Having considered a Chabad House as the ultimate form of giving, Yehudis always knew she wanted to lead one. Since 2001, she has. Although her husband has the official title of rabbi in the relationship, she said that they both take on the role of teachers.
“It’s really a co-partnership and not gender based,” she said. “You don’t have a role to play, which is something that’s very powerful within the Chabad House model.”
Together, Yehudis and Zalman visited Israel in early January for five days to show their solidarity for the soldiers and civilians affected by the war with Hamas. They brought barbecue and music to army bases to boost morale.

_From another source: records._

(* Let $(\Xi,\mathcal{F},P)$ be a probability space and $\{y_t\}_{t\in\mathbb{Z}}$ a real, mean-zero, covariance-stationary series on it; put $\mathcal{F}_t=\sigma(y_s,\,s\le t)$. Assume (D1) $P\{y_1^2>0\}=1$; (D2) $y_t=\sum_{s=0}^{\infty}\kappa_s\epsilon_{t-s}$ with $\kappa_0=1$, $\sum_s|\kappa_s|<\infty$, $\kappa(z)=\sum_s\kappa_s z^s\neq 0$ for $|z|\le 1$, where $\{\epsilon_t\}$ is a martingale difference sequence with respect to $\{\mathcal{F}_t\}$; (D3) $E[\epsilon_t^2\mid\mathcal{F}_{t-1}]=\sigma_\epsilon^2$ a.s. (constant); (D4) $\sup_t|\epsilon_t|\le K<\infty$ a.s. Fix $\beta\in[0,1]$, let $\theta_t$ be generated by the recursive algorithm in the context, and assume there are random variables $k^*$ (integer, $0\le k^*<\infty$) and $K^*\in(0,1)$ such that a.s. $|\theta_{t+k^*}|\le K^*$ for all $t\ge1$. Then for each integer $u\ge0$, $$\frac1t\sum_{s=1}^t\Big(\sum_{j=0}^u\kappa_j^\phi(s)\epsilon_{s-j}\Big)^2=\frac{\sigma_\epsilon^2}{t}\sum_{s=1}^t\sum_{j=0}^u\big(\kappa_j^\phi(s)\big)^2+o_{a.s.}(1).$$
   Context: Recursive algorithm: set $\theta_1=0$, $\bar P_1=0$, $e_1=y_1$, $x_1=y_1$, $\phi_1=x_1$, and for $t\ge2$: $x_t=y_t-\beta\theta_{t-1}x_{t-1}$; $e_t=y_t-\theta_{t-1}e_{t-1}$; $\phi_t=x_t-\theta_{t-1}\phi_{t-1}$; $\bar P_t=\frac1t\sum_{s=1}^{t-1}\phi_s^2$; $\theta_t=\theta_{t-1}+\bar P_t^{-1}\frac1t\phi_{t-1}e_t$. Coefficients: for $t\ge1$, $j\ge0$ (empty products equal 1), $\kappa_j^x(t)=\sum_{l=0}^{\min(j,t-1)}(-\beta)^l\kappa_{j-l}\prod_{i=1}^l\theta_{t-i}$; $\kappa_j^\phi(1)=\kappa_j$ and $\kappa_j^\phi(t)=\kappa_j^x(t)-\theta_{t-1}\kappa_{j-1}^\phi(t-1)$ for $t\ge2$, with $\kappa_{-1}^\phi(\cdot):=0$; these are the coefficients in $\phi_t=\sum_{j\ge0}\kappa_j^\phi(t)\epsilon_{t-j}$. The notation $o_{a.s.}(1)$ denotes a term converging to $0$ almost surely as $t\to\infty$. *)

theory Defs
  imports "HOL-Probability.Probability"
begin

definition nat_filtration :: "'a measure \<Rightarrow> (int \<Rightarrow> 'a \<Rightarrow> real) \<Rightarrow> int \<Rightarrow> 'a measure" where
  "nat_filtration M y t =
     sigma (space M) {y s -` A \<inter> space M | s A. s \<le> t \<and> A \<in> sets borel}"

text \<open>State of the recursive algorithm at time t (t >= 1), for a fixed sample path Y (Y t = y_t):
  (theta_t, x_t, e_t, phi_t, S_t) where S_t = sum_{s=1}^t phi_s^2, so that
  Pbar_t = S_{t-1} / t.  Index 0 is a dummy value and never used.\<close>
fun rls_state :: "real \<Rightarrow> (nat \<Rightarrow> real) \<Rightarrow> nat \<Rightarrow> real \<times> real \<times> real \<times> real \<times> real" where
  "rls_state \<beta> Y 0 = (0, 0, 0, 0, 0)"
| "rls_state \<beta> Y (Suc 0) = (0, Y 1, Y 1, Y 1, (Y 1)\<^sup>2)"
| "rls_state \<beta> Y (Suc (Suc n)) =
     (let t = Suc (Suc n);
          (\<theta>p, xp, ep, \<phi>p, Sp) = rls_state \<beta> Y (Suc n);
          x = Y t - \<beta> * \<theta>p * xp;
          e = Y t - \<theta>p * ep;
          \<phi> = x - \<theta>p * \<phi>p;
          Pbar = (1 / real t) * Sp;
          \<theta> = \<theta>p + inverse Pbar * (1 / real t) * \<phi>p * e
      in (\<theta>, x, e, \<phi>, Sp + \<phi>\<^sup>2))"

definition rls_theta :: "real \<Rightarrow> (nat \<Rightarrow> real) \<Rightarrow> nat \<Rightarrow> real" where
  "rls_theta \<beta> Y t = fst (rls_state \<beta> Y t)"

definition kappa_x :: "real \<Rightarrow> (nat \<Rightarrow> real) \<Rightarrow> (nat \<Rightarrow> real) \<Rightarrow> nat \<Rightarrow> nat \<Rightarrow> real" where
  "kappa_x \<beta> \<kappa> th t j =
     (\<Sum>l = 0..min j (t - 1). (-\<beta>) ^ l * \<kappa> (j - l) * (\<Prod>i = 1..l. th (t - i)))"

text \<open>kappa^phi_j(t) for t >= 1 (with kappa^phi_{-1} = 0); index t = 0 is a dummy.\<close>
fun kappa_phi :: "real \<Rightarrow> (nat \<Rightarrow> real) \<Rightarrow> (nat \<Rightarrow> real) \<Rightarrow> nat \<Rightarrow> nat \<Rightarrow> real" where
  "kappa_phi \<beta> \<kappa> th 0 j = 0"
| "kappa_phi \<beta> \<kappa> th (Suc 0) j = \<kappa> j"
| "kappa_phi \<beta> \<kappa> th (Suc (Suc n)) 0 = kappa_x \<beta> \<kappa> th (Suc (Suc n)) 0"
| "kappa_phi \<beta> \<kappa> th (Suc (Suc n)) (Suc j) =
     kappa_x \<beta> \<kappa> th (Suc (Suc n)) (Suc j) - th (Suc n) * kappa_phi \<beta> \<kappa> th (Suc n) j"

end

(*
  The coefficient kappa^phi_j(s) depends on theta only through theta_r for s - j <= r < s.
  Along a path on which |theta_t| <= K* < 1 eventually, the recursion for e_t, x_t and phi_t
  is stable, so these are bounded and the increments
  theta_(t+1) - theta_t = phi_t e_(t+1) / (phi_1^2 + ... + phi_t^2) tend to zero. Hence
  kappa^phi_j(s) differs by a null sequence from the coefficient obtained by freezing theta
  at its value at time s - u - 1, and this replacement changes the centred square
  (sum_j kappa_j eps_(s-j))^2 - sigma^2 sum_j kappa_j^2 only by a null sequence, which is
  invisible in Cesaro means. The frozen coefficients are bounded and predictable, so after
  expanding the square the Cesaro means are averages of bounded martingale differences
  kappa_j^2 (eps_(s-j)^2 - sigma^2) and kappa_j kappa_k eps_(s-k) eps_(s-j) (j < k); these
  vanish almost surely by the strong law of large numbers that follows from a fourth-moment
  bound and the Borel-Cantelli lemma.
*)
theory Submission
  imports Defs
begin

section \<open>Null sequences and Cesaro means\<close>

lemma abs_power_le:
  fixes a b :: real
  shows "\<bar>a\<bar> \<le> b \<Longrightarrow> \<bar>a ^ k\<bar> \<le> b ^ k"
  by (simp add: power_abs power_mono)

lemma tendsto_zero_mult_Bfun:
  fixes f g :: "'a \<Rightarrow> real"
  assumes "(f \<longlongrightarrow> 0) F" "Bfun g F"
  shows "((\<lambda>x. f x * g x) \<longlongrightarrow> 0) F"
  using bounded_bilinear.Zfun_prod_Bfun[OF bounded_bilinear_mult, of f F g] assms
  by (simp add: tendsto_Zfun_iff)

lemma square_diff_tendsto_zero:
  fixes f g :: "nat \<Rightarrow> real"
  assumes fg: "(\<lambda>n. f n - g n) \<longlonglongrightarrow> 0" and g: "Bseq g"
  shows "(\<lambda>n. (f n)\<^sup>2 - (g n)\<^sup>2) \<longlonglongrightarrow> 0"
proof -
  have "(\<lambda>n. (f n - g n) * (f n - g n) + (f n - g n) * (2 * g n)) \<longlonglongrightarrow> 0 * 0 + 0"
    by (intro tendsto_add tendsto_mult fg tendsto_zero_mult_Bfun Bseq_mult g Bfun_const)
  then show ?thesis
    by (simp add: power2_eq_square algebra_simps)
qed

At a hotel that housed refugees from a destroyed town, Yehudis said she gave the children and women silver heart necklaces to connect their hearts with hers.
“It was a very moving trip, very emotionally heavy,” she said. “But it was uplifting to know that we’re really part of one big family and that if one person is in pain, we’re all in pain together.”
That pain carries back to Chapel Hill as the Blumings support students who feel targeted by hate due to the Israel-Hamas conflict.
“It’s a fine line of empowering the Jewish students to be proud of who they are, to not hide their identity and give them a space to come together as a family, whether it’s on Shabbat or any other time they feel the need,” Yehudis said. “And then, simultaneously, to make aware to those fighting antisemitism that we are behind them, whether it’s getting it touch with the University to put them in their place to realize that there’s no room for antisemitism. As a leader, you have that responsibility to ensure that students feel safe.”
From her biological children to the students she welcomes into her home to Jews across the world, Yehudis’ family extends as far as her arms can reach.